Nous devons être particulièrement vigilants sur ce point. Nous ne pourrons accepter des dérives, telle qu’une augmentation de la masse maxi au décollage, demandée par certains, qui dénaturent la philosophie de notre pratique et qui nous feraient entrer dans le domaine d’intervention de l’EASA, auquel nous devons absolument échapper.

La réglementation ULM doit rester de la responsabilité de nos Aviations Civiles Nationales. Ainsi notre action et notre projet commun cohérent auront toutes les chances d’aboutir. C’est ainsi déjà qu’en Allemagne, l’exemple français d’accueil des pilotes étrangers a été pris en compte par l’Aviation Civile Allemande, présenté par Jo Konrad, dans le cadre de l’EMF.

Ainsi, le projet d’Ecolight Suisse ne peut être considéré comme valable pour l’EMF, car il serait un grand pas en arrière par rapport à la réglementation ULM existante, telle qu’actuellement définie en France, en Angleterre, en Allemagne …

Par ailleurs, même des pays comme la France connaissent des courants et des groupes de pression qui souhaitent un alourdissement de la réglementation ULM. Si la majorité des pays Européens, sous l’influence du travail de l’EMF, adoptent des mesures allégées, chacun de nos pays en profitera et chacun des organismes représentatifs de chaque pays pourra donner en exemple à son administration le pays voisin et faire pression dans le bon sens.

Au minimum nous pensons ainsi éviter des alourdissements de réglementation et leur contagion dans les pays voisins.

Au maximum nous pensons pouvoir alléger les réglementations trop contraignantes de certains pays.

Notre premier travail est dons d’établir ensemble des critères de base pour une réglementions ULM, légère et acceptable par tous.

Ensuite, certains dossiers doivent être ouverts comme l’acceptation par l’EASA de l’autogire dans la catégorie ULM ou la simplification des formalités pour les pilotes Européens qui veulent traverser les frontières.

Pour effectuer ce travail nous devons être véritablement représentatifs ; c’est à dire que le maximum de pays et leurs associations ULM soient présents au sein de l’EMF. C’est pourquoi l’EMF doit déjà évoluer et s’adapter aux réalités nationales en terme de représentation des pilotes ULM de chaque pays.

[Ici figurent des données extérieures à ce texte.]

(* Let $X$ and $Y$ be Tychonoff spaces. If the free topological groups $F(X)$ and $F(Y)$ are topologically isomorphic, or if the free Abelian topological groups $A(X)$ and $A(Y)$ are topologically isomorphic, then $X$ is totally disconnected if and only if $Y$ is totally disconnected.
   Context: $F(X)$ is Markov's free topological group of $X$: a topological group containing $X$ as a generating subspace such that every continuous map from $X$ to a topological group extends uniquely to a continuous homomorphism from $F(X)$. $A(X)$ is Markov's free Abelian topological group, defined analogously with Abelian topological groups. A space is totally disconnected if any two distinct points are separated by a clopen set. *)

theory Defs
  imports "HOL-Analysis.Analysis" "HOL-Algebra.Generated_Groups"
begin

definition Tychonoff_space :: "'a topology \<Rightarrow> bool" where
  "Tychonoff_space X \<longleftrightarrow> completely_regular_space X \<and> Hausdorff_space X"

definition totally_disconnected_space :: "'a topology \<Rightarrow> bool" where
  "totally_disconnected_space X \<longleftrightarrow>
     (\<forall>x\<in>topspace X. \<forall>y\<in>topspace X. x \<noteq> y \<longrightarrow>
        (\<exists>U. openin X U \<and> closedin X U \<and> x \<in> U \<and> y \<notin> U))"

definition topological_group :: "'g monoid \<Rightarrow> 'g topology \<Rightarrow> bool" where
  "topological_group G T \<longleftrightarrow> group G \<and> topspace T = carrier G \<and>
     continuous_map (prod_topology T T) T (\<lambda>(x, y). x \<otimes>\<^bsub>G\<^esub> y) \<and>
     continuous_map T T (\<lambda>x. inv\<^bsub>G\<^esub> x)"

text \<open>The test groups H range over topological groups whose carrier has
  the same type as G; this is no restriction.\<close>
definition free_topological_group ::
    "'x topology \<Rightarrow> 'g monoid \<Rightarrow> 'g topology \<Rightarrow> ('x \<Rightarrow> 'g) \<Rightarrow> bool" where
  "free_topological_group X G T i \<longleftrightarrow>
     topological_group G T \<and> embedding_map X T i \<and>
     generate G (i ` topspace X) = carrier G \<and>
     (\<forall>(H :: 'g monoid) TH f. topological_group H TH \<and> continuous_map X TH f \<longrightarrow>
        (\<exists>!h. h \<in> extensional (carrier G) \<and> h \<in> hom G H \<and> continuous_map T TH h \<and>
              (\<forall>x\<in>topspace X. h (i x) = f x)))"

definition free_abelian_topological_group ::
    "'x topology \<Rightarrow> 'g monoid \<Rightarrow> 'g topology \<Rightarrow> ('x \<Rightarrow> 'g) \<Rightarrow> bool" where
  "free_abelian_topological_group X G T i \<longleftrightarrow>
     topological_group G T \<and> comm_group G \<and> embedding_map X T i \<and>
     generate G (i ` topspace X) = carrier G \<and>
     (\<forall>(H :: 'g monoid) TH f. topological_group H TH \<and> comm_group H \<and>
        continuous_map X TH f \<longrightarrow>
        (\<exists>!h. h \<in> extensional (carrier G) \<and> h \<in> hom G H \<and> continuous_map T TH h \<and>
              (\<forall>x\<in>topspace X. h (i x) = f x)))"

definition top_group_isomorphic ::
    "'g monoid \<Rightarrow> 'g topology \<Rightarrow> 'h monoid \<Rightarrow> 'h topology \<Rightarrow> bool" where
  "top_group_isomorphic G T H TH \<longleftrightarrow>
     (\<exists>h. h \<in> iso G H \<and> homeomorphic_map T TH h)"

end

theory Submission
  imports Defs
begin

text \<open>
  X is totally disconnected iff the underlying space of its free (Abelian) topological group G
  is; the latter property is invariant under homeomorphism. Since X embeds in G, one direction
  is immediate. Conversely, two distinct elements a, b of G are words in finitely many
  generators i(c), c \<in> C. If X is totally disconnected, the map c \<mapsto> i(c) on the finite set C
  extends to a locally constant map X \<rightarrow> G, i.e. a continuous map into G with the discrete
  topology. Its homomorphic extension G \<rightarrow> G is then continuous into the discrete group and
  fixes a and b, so its fibre over a is a clopen set containing a but not b.
\<close>

lemma totally_disconnected_space_continuous_injective_preimage:
  assumes "totally_disconnected_space Y" "continuous_map X Y f" "inj_on f (topspace X)"
  shows "totally_disconnected_space X"
  unfolding totally_disconnected_space_def
proof (intro ballI impI)
  fix x y assume xy: "x \<in> topspace X" "y \<in> topspace X" "x \<noteq> y"
  then have "f x \<noteq> f y" "f x \<in> topspace Y" "f y \<in> topspace Y"
    using assms(2,3) by (auto simp: inj_on_def continuous_map_def)
  then obtain U where U: "openin Y U" "closedin Y U" "f x \<in> U" "f y \<notin> U"
    using assms(1) unfolding totally_disconnected_space_def by blast
  show "\<exists>V. openin X V \<and> closedin X V \<and> x \<in> V \<and> y \<notin> V"
    using U xy assms(2)
    by (intro exI[of _ "{z \<in> topspace X. f z \<in> U}"])
       (auto intro: openin_continuous_map_preimage closedin_continuous_map_preimage)
qed

lemma embedding_map_imp_continuous_map:
  assumes "embedding_map X Y f"
  shows "continuous_map X Y f"
  using assms homeomorphic_imp_continuous_map continuous_map_in_subtopology
  unfolding embedding_map_def by blast

lemma embedding_map_totally_disconnected_space:
  assumes "embedding_map X Y f" "totally_disconnected_space Y"
  shows "totally_disconnected_space X"
proof -
  have "continuous_map X Y f" "inj_on f (topspace X)"
    using assms(1) embedding_map_imp_continuous_map homeomorphic_imp_injective_map
    unfolding embedding_map_def by blast+
  then show ?thesis
    using assms(2) totally_disconnected_space_continuous_injective_preimage by blast
qed

lemma homeomorphic_map_totally_disconnected_space:
  assumes "homeomorphic_map X Y f"
  shows "totally_disconnected_space X \<longleftrightarrow> totally_disconnected_space Y"
proof -
  obtain g where "homeomorphic_maps X Y f g"
    using assms homeomorphic_map_maps by blast
  then have "continuous_map X Y f" "continuous_map Y X g"
    "\<forall>x\<in>topspace X. g (f x) = x" "\<forall>y\<in>topspace Y. f (g y) = y"
    by (auto simp: homeomorphic_maps_def)
  then show ?thesis
    using totally_disconnected_space_continuous_injective_preimage[of Y X f]
      totally_disconnected_space_continuous_injective_preimage[of X Y g]
      inj_on_inverseI[of "topspace X" g f] inj_on_inverseI[of "topspace Y" f g]
    by blast
qed
(* Let $I^d\subsetneq\mathbb{R}^d$ be a proper interval with the restricted Borel $\sigma$-algebra, let $\mu$ be a probability measure on it, and let $f:I^d\to I^d$ be an ergodic $\mu$-preserving transformation. Then the permutation entropy rate of $f$ equals its metric (Kolmogorov–Sinai) entropy rate: $h^*_\mu(f)=h_\mu(f)$.
   Context: Product partitions: $\iota=\prod_{k=1}^d\{I_{1,k},\ldots,I_{N_k,k}\}$ is a partition of $I^d$ into $N_1\cdots N_d$ subintervals, the $k$-th factor splitting the $k$-th coordinate range into $N_k$ consecutive intervals of lengths $\Delta_{j,k}$; its norm is $\|\iota\|=\max_{j,k}\Delta_{j,k}$. The cells are enumerated lexicographically as $\iota=\{I^d_i:1\le i\le N_1\cdots N_d\}$ with $I^d_i<I^d_{i+1}$. The simple observations of $f$ with respect to $\iota$ are the finite-alphabet stationary process $\mathbf{S}^\iota=(S^\iota_n)_{n\ge0}$ on $(I^d,\mu)$ defined by $S^\iota_n(x)=i$ iff $f^n(x)\in I^d_i$, with alphabet $\{1,\ldots,N_1\cdots N_d\}$ ordered as integers. For a finite-alphabet process $\mathbf{S}$, the rank variables are $R_n=\sum_{i\le n}\delta(S_i\le S_n)$ (indices running over the observed block starting at its first element; $\delta(P)=1$ if $P$ holds, else $0$) and the permutation entropy rate is $h^*_m(\mathbf{S})=\lim_{L\to\infty}\frac{1}{L-1}H(R_1^L)$ (Shannon entropy, base 2, of the rank word of a block of length $L$). The permutation entropy rate of $f$ is $h^*_\mu(f):=\lim_{\|\iota\|\to0}h^*_m(\mathbf{S}^\iota)$. The metric entropy rate is $h_\mu(f)=\sup_\alpha\lim_{L\to\infty}\frac1L H_\mu\big(\bigvee_{i=0}^{L-1}f^{-i}\alpha\big)$, the supremum over finite measurable partitions $\alpha$, with $H_\mu(\beta)=-\sum_{B\in\beta}\mu(B)\log_2\mu(B)$. *)

theory Defs
  imports "HOL-Probability.Probability"
begin

definition entr :: "real \<Rightarrow> real" where
  "entr p = (if p > 0 then - p * log 2 p else 0)"

definition measure_preserving_map :: "'a measure \<Rightarrow> ('a \<Rightarrow> 'a) \<Rightarrow> bool" where
  "measure_preserving_map M f \<longleftrightarrow> f \<in> measurable M M \<and>
     (\<forall>A\<in>sets M. measure M (f -` A \<inter> space M) = measure M A)"

definition ergodic :: "'a measure \<Rightarrow> ('a \<Rightarrow> 'a) \<Rightarrow> bool" where
  "ergodic M f \<longleftrightarrow> measure_preserving_map M f \<and>
     (\<forall>A\<in>sets M. f -` A \<inter> space M = A \<longrightarrow> measure M A = 0 \<or> measure M A = 1)"

definition finite_meas_partition :: "'a measure \<Rightarrow> 'a set set \<Rightarrow> bool" where
  "finite_meas_partition M \<alpha> \<longleftrightarrow> finite \<alpha> \<and> \<alpha> \<subseteq> sets M \<and> \<Union>\<alpha> = space M \<and>
     (\<forall>A\<in>\<alpha>. \<forall>B\<in>\<alpha>. A \<noteq> B \<longrightarrow> A \<inter> B = {})"

definition part_entropy :: "'a measure \<Rightarrow> 'a set set \<Rightarrow> real" where
  "part_entropy M \<beta> = (\<Sum>B\<in>\<beta>. entr (measure M B))"

definition dyn_join :: "'a measure \<Rightarrow> ('a \<Rightarrow> 'a) \<Rightarrow> 'a set set \<Rightarrow> nat \<Rightarrow> 'a set set" where
  "dyn_join M f \<alpha> L =
     {space M \<inter> (\<Inter>i\<in>{..<L}. (f ^^ i) -` (A i)) | A. A \<in> {..<L} \<rightarrow> \<alpha>}"

definition ks_entropy :: "'a measure \<Rightarrow> ('a \<Rightarrow> 'a) \<Rightarrow> ereal" where
  "ks_entropy M f = (SUP \<alpha>\<in>{\<alpha>. finite_meas_partition M \<alpha>}.
      ereal (lim (\<lambda>L. part_entropy M (dyn_join M f \<alpha> L) / real L)))"

definition interval_partition :: "real set \<Rightarrow> real set list \<Rightarrow> bool" where
  "interval_partition J P \<longleftrightarrow> P \<noteq> [] \<and>
     (\<forall>j<length P. is_interval (P ! j) \<and> P ! j \<noteq> {}) \<and>
     \<Union>(set P) = J \<and>
     (\<forall>j<length P. \<forall>j'<length P. j \<noteq> j' \<longrightarrow> P ! j \<inter> P ! j' = {}) \<and>
     (\<forall>j. Suc j < length P \<longrightarrow> (\<forall>x\<in>P ! j. \<forall>y\<in>P ! Suc j. x < y))"

definition prod_partition :: "('d \<Rightarrow> real set) \<Rightarrow> ('d \<Rightarrow> real set list) \<Rightarrow> bool" where
  "prod_partition J P \<longleftrightarrow> (\<forall>k. interval_partition (J k) (P k))"

definition box_of :: "('d::finite \<Rightarrow> real set) \<Rightarrow> ((real, 'd) vec) set" where
  "box_of J = {x. \<forall>k. x $ k \<in> J k}"

definition part_norm :: "('d::finite \<Rightarrow> real set list) \<Rightarrow> real" where
  "part_norm P = Max {diameter (P k ! j) | k j. j < length (P k)}"

definition cell_idx :: "('d \<Rightarrow> real set list) \<Rightarrow> 'd \<Rightarrow> real \<Rightarrow> nat" where
  "cell_idx P k t = (THE j. j < length (P k) \<and> t \<in> P k ! j)"

text \<open>Lexicographic enumeration of the cells: the cell with coordinate indices
  (j_1,...,j_d) (0-based, first coordinate most significant) gets number
  1 + sum_k j_k * prod_{k'>k} N_{k'}, a number in {1..N_1...N_d}.\<close>
definition cell_number :: "('d::{finite,linorder} \<Rightarrow> real set list) \<Rightarrow> (real, 'd) vec \<Rightarrow> nat" where
  "cell_number P x = 1 + (\<Sum>k\<in>UNIV. cell_idx P k (x $ k) * (\<Prod>k'\<in>{k'. k < k'}. length (P k')))"

definition simple_obs :: "('d::{finite,linorder} \<Rightarrow> real set list) \<Rightarrow> ((real, 'd) vec \<Rightarrow> (real, 'd) vec)
     \<Rightarrow> nat \<Rightarrow> (real, 'd) vec \<Rightarrow> nat" where
  "simple_obs P f n x = cell_number P ((f ^^ n) x)"

definition rank_word :: "(nat \<Rightarrow> 'a \<Rightarrow> nat) \<Rightarrow> nat \<Rightarrow> 'a \<Rightarrow> nat list" where
  "rank_word S L x = map (\<lambda>n. card {i. i \<le> n \<and> S i x \<le> S n x}) [0..<L]"

definition rank_entropy :: "'a measure \<Rightarrow> (nat \<Rightarrow> 'a \<Rightarrow> nat) \<Rightarrow> nat \<Rightarrow> real" where
  "rank_entropy M S L =
     (\<Sum>w\<in>rank_word S L ` space M. entr (measure M {x\<in>space M. rank_word S L x = w}))"

definition perm_entropy_seq :: "'a measure \<Rightarrow> (nat \<Rightarrow> 'a \<Rightarrow> nat) \<Rightarrow> nat \<Rightarrow> real" where
  "perm_entropy_seq M S L = rank_entropy M S L / real (L - 1)"

definition perm_entropy_rate_proc :: "'a measure \<Rightarrow> (nat \<Rightarrow> 'a \<Rightarrow> nat) \<Rightarrow> real" where
  "perm_entropy_rate_proc M S = lim (perm_entropy_seq M S)"

definition fine_partitions :: "('d::finite \<Rightarrow> real set) \<Rightarrow> ('d \<Rightarrow> real set list) filter" where
  "fine_partitions J = (INF \<delta>\<in>{0<..}. principal {P. prod_partition J P \<and> part_norm P < \<delta>})"

end

theory Submission
  imports Defs "HOL-Real_Asymp.Real_Asymp"
begin

(* The rank word of L successive observations X (f^i x), i < L, of a finite-valued observable,
   together with the counts #{i < L. X (f^i x) <= v}, determines the observations themselves.
   There are at most (L + 1)^|range X| count vectors, so block entropy and rank entropy differ
   by O(log L), and the permutation entropy rate of the simple observations is the entropy rate
   of the cell partition.  As the mesh tends to 0, the cell number predicts the cell of any
   finite measurable partition outside a set of small measure (the cells of the partition
   contain compact cores, by inner regularity, and distinct cores lie at positive distance), so
   by a Fano-type estimate the entropy rates of the cell partitions eventually come arbitrarily
   close to that of every finite partition; they never exceed the Kolmogorov-Sinai entropy. *)

section \<open>Fekete's subadditive lemma\<close>

lemma subadditive_le_mult_add:
  fixes a :: "nat \<Rightarrow> real"
  assumes sub: "\<And>m n. a (m + n) \<le> a m + a n"
  shows "a (q * k + r) \<le> real q * a k + a r"
proof (induction q)
  case 0
  then show ?case by simp
next
  case (Suc q)
  have "a (Suc q * k + r) = a (k + (q * k + r))" by (simp add: algebra_simps)
  also have "\<dots> \<le> a k + a (q * k + r)" by (rule sub)
  also have "\<dots> \<le> a k + (real q * a k + a r)" using Suc by simp
  finally show ?case by (simp add: algebra_simps)
qed
(* Let $L>0$, $I$ a finite index set and $\{(x_i,f_i,g_i,h_i,s_i)\}_{i\in I}\subset\mathbb{R}^n\times\mathbb{R}\times\mathbb{R}^n\times\mathbb{R}\times\mathbb{R}^n$. The following are equivalent: (i) there exist functions $f,h:\mathbb{R}^n\to\mathbb{R}$ with $f$ and $Lh-f$ convex such that for all $i\in I$: $f_i=f(x_i)$, $g_i\in\partial f(x_i)$, $h_i=h(x_i)$, $s_i\in\partial h(x_i)$, and $Ls_i-g_i\in\partial(Lh-f)(x_i)$; (ii) for all $i,j\in I$ with $i\neq j$, \[ f_i-f_j-\langle g_j,x_i-x_j\rangle\ge0,\qquad (Lh_i-f_i)-(Lh_j-f_j)-\langle Ls_j-g_j,x_i-x_j\rangle\ge0. \]
   Context: $\partial$ denotes the convex subdifferential. *)

theory Defs
  imports "HOL-Analysis.Analysis"
begin

definition subdifferential :: "('a::real_inner \<Rightarrow> real) \<Rightarrow> 'a \<Rightarrow> 'a set" where
  "subdifferential f x = {g. \<forall>y. f y \<ge> f x + inner g (y - x)}"

end

theory Submission
  imports Defs
begin

text \<open>Writing p = L h - f, the data are interpolable by a pair (f, h) exactly when (fv, g) is
  interpolable by a convex f and (L hv - fv, L s - g) by a convex p: conversely h = (f + p) / L
  has the subgradient s = (g + (L s - g)) / L. A single convex interpolation problem with data
  (X i, F i, G i) is solved by the maximum of the affine functions F j + \<langle>G j, y - X j\<rangle>,
  whose value at X i is F i precisely when the stated inequalities hold.\<close>

lemma subdifferentialD:
  "g \<in> subdifferential f x \<Longrightarrow> f x + inner g (y - x) \<le> f y"
  by (simp add: subdifferential_def)

lemma subdifferential_add:
  assumes "g \<in> subdifferential f x" and "g' \<in> subdifferential f' x"
  shows "g + g' \<in> subdifferential (\<lambda>y. f y + f' y) x"
  unfolding subdifferential_def
proof (intro CollectI allI)
  fix y
  show "f x + f' x + inner (g + g') (y - x) \<le> f y + f' y"
    using add_mono[OF subdifferentialD[OF assms(1)] subdifferentialD[OF assms(2)], of y y]
    by (simp add: inner_add_left)
qed

lemma subdifferential_cmul:
  assumes "c \<ge> 0" and "g \<in> subdifferential f x"
  shows "c *\<^sub>R g \<in> subdifferential (\<lambda>y. c * f y) x"
  using assms mult_left_mono[OF subdifferentialD[OF assms(2)] assms(1)]
  by (simp add: subdifferential_def distrib_left)

lemma convex_on_affine_inner:
  fixes a b :: "'a::real_inner"
  assumes "convex S"
  shows "convex_on S (\<lambda>y. c + inner a (y - b))"
proof (rule convex_onI)
  fix x y :: 'a and t :: real
  have "c + inner a ((1 - t) *\<^sub>R x + t *\<^sub>R y - b)
      = (1 - t) * (c + inner a (x - b)) + t * (c + inner a (y - b))"
    by (simp add: inner_diff_right inner_add_right algebra_simps)
  then show "c + inner a ((1 - t) *\<^sub>R x + t *\<^sub>R y - b)
      \<le> (1 - t) * (c + inner a (x - b)) + t * (c + inner a (y - b))"
    by simp
qed (rule assms)

lemma convex_on_Max:
  assumes "finite I" and "I \<noteq> {}" and "\<And>i. i \<in> I \<Longrightarrow> convex_on S (f i)"
  shows "convex_on S (\<lambda>x. Max ((\<lambda>i. f i x) ` I))"
proof (rule convex_onI)
  show "convex S"
    using assms(2,3) convex_on_imp_convex by blast
  fix t :: real and x y
  assume t: "0 < t" "t < 1" and xy: "x \<in> S" "y \<in> S"
  let ?z = "(1 - t) *\<^sub>R x + t *\<^sub>R y"
  obtain j where j: "j \<in> I" "Max ((\<lambda>i. f i ?z) ` I) = f j ?z"
    using obtains_MAX[OF assms(1,2)] by blast
  have "f j ?z \<le> (1 - t) * f j x + t * f j y"
    using convex_onD[OF assms(3)[OF j(1)]] t xy by simp
  also have "\<dots> \<le> (1 - t) * Max ((\<lambda>i. f i x) ` I) + t * Max ((\<lambda>i. f i y) ` I)"
    using t j(1) assms(1) by (intro add_mono mult_left_mono Max_ge) auto
  finally show "Max ((\<lambda>i. f i ?z) ` I)
      \<le> (1 - t) * Max ((\<lambda>i. f i x) ` I) + t * Max ((\<lambda>i. f i y) ` I)"
    using j(2) by simp
qed

lemma convex_interpolable_iff:
  fixes X G :: "'i \<Rightarrow> 'a::real_inner" and F :: "'i \<Rightarrow> real"
  assumes "finite I"
  shows "(\<exists>f. convex_on UNIV f \<and> (\<forall>i\<in>I. F i = f (X i) \<and> G i \<in> subdifferential f (X i)))
     \<longleftrightarrow> (\<forall>i\<in>I. \<forall>j\<in>I. i \<noteq> j \<longrightarrow> F i - F j - inner (G j) (X i - X j) \<ge> 0)"
    (is "?interpolable \<longleftrightarrow> ?conditions")
proof
  assume ?interpolable
  then obtain f where f: "\<forall>i\<in>I. F i = f (X i) \<and> G i \<in> subdifferential f (X i)"
    by blast
  show ?conditions
  proof (intro ballI impI)
    fix i j assume "i \<in> I" "j \<in> I"
    then show "F i - F j - inner (G j) (X i - X j) \<ge> 0"
      using f subdifferentialD[of "G j" f "X j" "X i"] by simp
  qed
next
  assume conditions: ?conditions
  show ?interpolable
  proof (cases "I = {}")
    case True
    then show ?thesis
      by (auto simp: convex_on_const)
  next
    case False
    define f where "f y = Max ((\<lambda>j. F j + inner (G j) (y - X j)) ` I)" for y
    have minorant: "F j + inner (G j) (y - X j) \<le> f y" if "j \<in> I" for j y
      unfolding f_def using assms that by (intro Max_ge) auto
    have "convex_on UNIV f"
      unfolding f_def using assms False by (intro convex_on_Max convex_on_affine_inner) auto
    moreover have "f (X i) = F i" if i: "i \<in> I" for i
    proof (rule antisym)
      obtain j where "j \<in> I" "f (X i) = F j + inner (G j) (X i - X j)"
        using obtains_MAX[OF assms False] unfolding f_def by blast
      then show "f (X i) \<le> F i"
        using conditions i by (cases "i = j") force+
      show "F i \<le> f (X i)"
        using minorant[OF i, of "X i"] by simp
    qed
    ultimately show ?thesis
      using minorant by (intro exI[of _ f]) (auto simp: subdifferential_def)
  qed
qed

lemma convex_pair_interpolable_iff:
  fixes L :: real and X G S :: "'i \<Rightarrow> 'a::real_inner" and F H :: "'i \<Rightarrow> real"
  assumes "L > 0"
  shows "(\<exists>f h. convex_on UNIV f \<and> convex_on UNIV (\<lambda>y. L * h y - f y) \<and>
            (\<forall>i\<in>I. F i = f (X i) \<and> G i \<in> subdifferential f (X i) \<and>
                    H i = h (X i) \<and> S i \<in> subdifferential h (X i) \<and>
                    L *\<^sub>R S i - G i \<in> subdifferential (\<lambda>y. L * h y - f y) (X i)))
     \<longleftrightarrow>
     (\<exists>f. convex_on UNIV f \<and> (\<forall>i\<in>I. F i = f (X i) \<and> G i \<in> subdifferential f (X i))) \<and>
     (\<exists>p. convex_on UNIV p \<and>
        (\<forall>i\<in>I. L * H i - F i = p (X i) \<and> L *\<^sub>R S i - G i \<in> subdifferential p (X i)))"
    (is "?pair \<longleftrightarrow> ?split")
proof
  assume ?pair
  then show ?split
    by fastforce
next
  assume ?split
  then obtain f p where
    f: "convex_on UNIV f" "\<forall>i\<in>I. F i = f (X i) \<and> G i \<in> subdifferential f (X i)" and
    p: "convex_on UNIV p" "\<forall>i\<in>I. L * H i - F i = p (X i) \<and> L *\<^sub>R S i - G i \<in> subdifferential p (X i)"
    by blast
  define h where "h y = inverse L * (f y + p y)" for y
  have p_eq: "(\<lambda>y. L * h y - f y) = p"
    using assms by (simp add: h_def mult.assoc[symmetric])
  have "S i \<in> subdifferential h (X i)" if "i \<in> I" for i
  proof -
    have "inverse L *\<^sub>R (G i + (L *\<^sub>R S i - G i)) \<in> subdifferential h (X i)"
      unfolding h_def using assms f(2) p(2) that
      by (intro subdifferential_cmul subdifferential_add) auto
    then show ?thesis
      using assms by simp
  qed
  moreover have "H i = h (X i)" if "i \<in> I" for i
    using assms f(2) p(2) that by (simp add: h_def field_simps)
  ultimately show ?pair
    using f p unfolding p_eq[symmetric] by blast
qed

theorem corollary4p3:
  fixes L :: real and I :: "'i set"
    and x g s :: "'i \<Rightarrow> real ^ 'n" and fv hv :: "'i \<Rightarrow> real"
  assumes "L > 0" and "finite I"
  shows "(\<exists>f h :: real ^ 'n \<Rightarrow> real.
            convex_on UNIV f \<and> convex_on UNIV (\<lambda>y. L * h y - f y) \<and>
            (\<forall>i\<in>I. fv i = f (x i) \<and> g i \<in> subdifferential f (x i) \<and>
                    hv i = h (x i) \<and> s i \<in> subdifferential h (x i) \<and>
                    L *\<^sub>R s i - g i \<in> subdifferential (\<lambda>y. L * h y - f y) (x i)))
     \<longleftrightarrow>
     (\<forall>i\<in>I. \<forall>j\<in>I. i \<noteq> j \<longrightarrow>
        fv i - fv j - inner (g j) (x i - x j) \<ge> 0 \<and>
        (L * hv i - fv i) - (L * hv j - fv j) - inner (L *\<^sub>R s j - g j) (x i - x j) \<ge> 0)"
  unfolding convex_pair_interpolable_iff[OF assms(1)]
    convex_interpolable_iff[OF assms(2), of fv x g]
    convex_interpolable_iff[OF assms(2), of "\<lambda>i. L * hv i - fv i" x "\<lambda>i. L *\<^sub>R s i - g i"]
  by blast

end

Certains connaissent en effet plusieurs organismes représentatifs. Nous allons donc proposer une évolution de nos statuts. Mais rien ne pourra ensuite être fait sans un minimum de consensus dans ces pays pour parler d’une voie unique au sein de l’EMF. C’est le challenge que nous devons remporter avant tout.

Je souhaite que Bonne Volonté et Passion soient les seuls intérêts qui nous animent et nous permettent de prendre les bonnes décisions.

Merci encore de votre présence qui prouve, que nous avons sans nul doute la volonté commune de préserver notre pratique du Vol Ultra léger Motorisé.